Well, you could call Congress, and you could also protest the end of net neutrality. You should emphasize that the FCC cannot, because of what Obama ensured in making it a utility, erase net neutrality unless, according to the law, they find that net neutrality is illegal. It cannot be overturned unless it is determined to be unconstitutional. Therefore, we need to remind our government of that.
Also, in order to ensure that your own content is not slowed down, you should immediate append your website with an e-commerce component. That could be as simple as including a link to a place where you sell a product. You could also enable advertising if you have enough viewers, and if not, create your own advertisements, but you’ll have to make sure they link to an e-commerce site like Amazon, Etsy, or others, in order to tell the government that they could earn sales tax as long as they don’t slow down your site. The ISPs won’t be able to slow you down if the government says you can’t slow down revenue-generating sites. Any roll back of any regulation, just like everything else, will be nuanced and have many exceptions, and I think this will be one of them. Many blog platforms have a commerce functionality now. Just open the help window and chat with the helpdesk if you’re having trouble setting it up.

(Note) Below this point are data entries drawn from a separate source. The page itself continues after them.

(* Let $m,n\in\mathbb{Z}^+$ be relatively prime and $j\in\{0,1,\dots,m-1\}$. If $(\beta_1,\beta_2)\in\mathbb{Z}^2$ is such that both $(\beta_1,\beta_2)$ and $(\beta_1,-\beta_2)$ belong to $\mathcal{G}_j$, then there exists a constant $C$ such that for all $l\in\{0,1,\dots,m-1\}$, $$\mathcal{K}_l\left(z_1^{\beta_1}\bar z_2^{\,\beta_2}\right)=\begin{cases}C\,z_1^{\beta_1}z_2^{-\beta_2}, & l=j,\\ 0, & l\ne j.\end{cases}$$
   Context: $\mathbb{H}_{m/n}=\{(z_1,z_2)\in\mathbb{C}^2:|z_1|^{m/n}<|z_2|<1\}$. Let $\mathcal{A}^2_{m/n}=\{(\alpha_1,\alpha_2)\in\mathbb{Z}^2:\alpha_1\ge0,\ n\alpha_1+m\alpha_2\ge -m-n+1\}$ (exactly the $\alpha$ with $z^\alpha=z_1^{\alpha_1}z_2^{\alpha_2}$ holomorphic and square integrable w.r.t. Lebesgue measure on $\mathbb{H}_{m/n}$). For $l\in\{0,\dots,m-1\}$ let $\mathcal{G}_l=\{\alpha\in\mathcal{A}^2_{m/n}:\alpha_1\equiv l\pmod m\}$, $\mathcal{S}_l$ the closed span of $\{z^\alpha:\alpha\in\mathcal{G}_l\}$ in $L^2(\mathbb{H}_{m/n})$, and $\mathcal{K}_l$ the orthogonal projection of $L^2(\mathbb{H}_{m/n})$ onto $\mathcal{S}_l$, i.e. $\mathcal{K}_lf(z)=\int K_l(z,w)f(w)\,dV(w)$ with $K_l(z,w)=\sum_{\alpha\in\mathcal{G}_l}z^\alpha\bar w^\alpha/\|z^\alpha\|^2_{L^2}$. *)

theory Defs
  imports "HOL-Analysis.Analysis"
begin

definition Hdom :: "nat \<Rightarrow> nat \<Rightarrow> (complex \<times> complex) set" where
  "Hdom m n = {(z1, z2). norm z1 powr (real m / real n) < norm z2 \<and> norm z2 < 1}"

definition A2 :: "nat \<Rightarrow> nat \<Rightarrow> (int \<times> int) set" where
  "A2 m n = {(a1, a2). a1 \<ge> 0 \<and> int n * a1 + int m * a2 \<ge> - int m - int n + 1}"

definition Gset :: "nat \<Rightarrow> nat \<Rightarrow> nat \<Rightarrow> (int \<times> int) set" where
  "Gset m n l = {a \<in> A2 m n. fst a mod int m = int l mod int m}"

definition mono :: "int \<times> int \<Rightarrow> complex \<times> complex \<Rightarrow> complex" where
  "mono a z = fst z powi fst a * snd z powi snd a"

definition mono_norm2 :: "nat \<Rightarrow> nat \<Rightarrow> int \<times> int \<Rightarrow> real" where
  "mono_norm2 m n a = (LINT w:Hdom m n|lborel. (cmod (mono a w))\<^sup>2)"

definition Kker :: "nat \<Rightarrow> nat \<Rightarrow> nat \<Rightarrow> complex \<times> complex \<Rightarrow> complex \<times> complex \<Rightarrow> complex" where
  "Kker m n l z w = (\<Sum>\<^sub>\<infinity> a \<in> Gset m n l. mono a z * cnj (mono a w) / complex_of_real (mono_norm2 m n a))"

definition Kop :: "nat \<Rightarrow> nat \<Rightarrow> nat \<Rightarrow> (complex \<times> complex \<Rightarrow> complex) \<Rightarrow> complex \<times> complex \<Rightarrow> complex" where
  "Kop m n l f z = (LINT w:Hdom m n|lborel. Kker m n l z w * f w)"

end

theory Submission
  imports Defs
begin

text \<open>
  Expanding the kernel, \<open>K\<^sub>l f(z)\<close> is the sum over \<open>a \<in> G\<^sub>l\<close> of \<open>z\<^sup>a \<langle>f, z\<^sup>a\<rangle> / \<parallel>z\<^sup>a\<parallel>\<^sup>2\<close>.
  Sum and integral may be exchanged because the series converges absolutely: polar coordinates
  in each variable give \<open>\<parallel>z\<^sup>a\<parallel>\<^sup>2 = \<pi>\<^sup>2 m / ((a\<^sub>1 + 1)(n a\<^sub>1 + m a\<^sub>2 + m + n))\<close>, and for fixed \<open>z\<close> in the
  domain the terms are dominated by those of a product of two series \<open>\<Sum> (k + 1) x\<^sup>k\<close> with \<open>x < 1\<close>.
  The domain and Lebesgue measure are invariant under \<open>(z\<^sub>1, z\<^sub>2) \<mapsto> (e\<^sup>i\<^sup>s z\<^sub>1, e\<^sup>i\<^sup>t z\<^sub>2)\<close>, which
  multiplies the integrand of \<open>\<langle>z\<^sub>1\<^bsup>\<beta>1\<^esup> cnj(z\<^sub>2)\<^bsup>\<beta>2\<^esup>, z\<^sup>a\<rangle>\<close> by \<open>e\<^bsup>i(\<beta>1 - a1)s\<^esup> e\<^bsup>-i(a2 + \<beta>2)t\<^esup>\<close>;
  hence this inner product vanishes unless \<open>a = (\<beta>\<^sub>1, -\<beta>\<^sub>2)\<close>.  A single term survives, and it lies in
  \<open>G\<^sub>l\<close> exactly when \<open>l = j\<close>.
\<close>

lemma borel_measurable_power_int [measurable]:
  "(\<lambda>x::complex. x powi k) \<in> borel_measurable borel"
  by (cases "0 \<le> k") (simp_all add: power_int_def)

lemma borel_measurable_fst [measurable]:
  "(fst :: 'a::topological_space \<times> 'b::topological_space \<Rightarrow> 'a) \<in> borel_measurable borel"
  by (intro borel_measurable_continuous_onI continuous_intros)

lemma borel_measurable_snd [measurable]:
  "(snd :: 'a::topological_space \<times> 'b::topological_space \<Rightarrow> 'b) \<in> borel_measurable borel"
  by (intro borel_measurable_continuous_onI continuous_intros)

lemma borel_measurable_cnj [measurable]: "cnj \<in> borel_measurable borel"
  by (intro borel_measurable_continuous_onI continuous_intros)

lemma borel_measurable_Complex [measurable]:
  "(\<lambda>(x, y). Complex x y) \<in> borel_measurable (borel \<Otimes>\<^sub>M borel)"
  unfolding Complex_eq case_prod_beta by measurable

lemma powr_less_iff_less_powr_inverse:
  fixes x y e :: real
  assumes "0 \<le> x" "0 \<le> y" "0 < e"
  shows "x powr e < y \<longleftrightarrow> x < y powr (1 / e)"
proof
  assume "x powr e < y"
  then have "(x powr e) powr (1 / e) < y powr (1 / e)"
    using assms by (intro powr_less_mono2) auto
  then show "x < y powr (1 / e)"
    using assms by (simp add: powr_powr)
next
  assume "x < y powr (1 / e)"
  then have "x powr e < (y powr (1 / e)) powr e"
    using assms by (intro powr_less_mono2) auto
  then show "x powr e < y"
    using assms by (simp add: powr_powr)
qed

lemma cis_pi_div_power_int: "k \<noteq> 0 \<Longrightarrow> cis (pi / of_int k) powi k = -1"
  by (simp add: cis_power_int)

lemma summable_Suc_mult_power:
  fixes x :: real
  assumes "0 \<le> x" "x < 1"
  shows "summable (\<lambda>k. real (Suc k) * x ^ k)"
proof -
  have "summable (\<lambda>k. diffs (\<lambda>_. 1::real) k * x ^ k)"
    by (rule termdiff_converges[where K = 1]) (use assms in \<open>auto intro: summable_geometric\<close>)
  then show ?thesis
    by (simp add: diffs_def)
qed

Finally, tell your Congressman all the ways you use the Internet, how many times you used it to look up facts for a job interview or a project at school, how you paid for things you couldn’t find at the store, how you learned crucial information before traveling to a country with a shaky tourism record, and how you stayed informed about what’s going on in your town, in D.C., and around the world because you had unfiltered, equal access to information.
Tell them specific information, with references to specific non-revenue-generating web addresses, that led to your decision to elect them. Make sure they know they were elected based on information on these sites.
We have the power to do this. We can make sure the Internet is still a reality for all Americans and all people around the world who want to access websites run here. There are issues regarding international regulations and who should have control over the Internet, and we can make sure our voices are heard there, too, but we need to make sure we don’t censor our own Internet if we’re going to tell the world they shouldn’t censor theirs.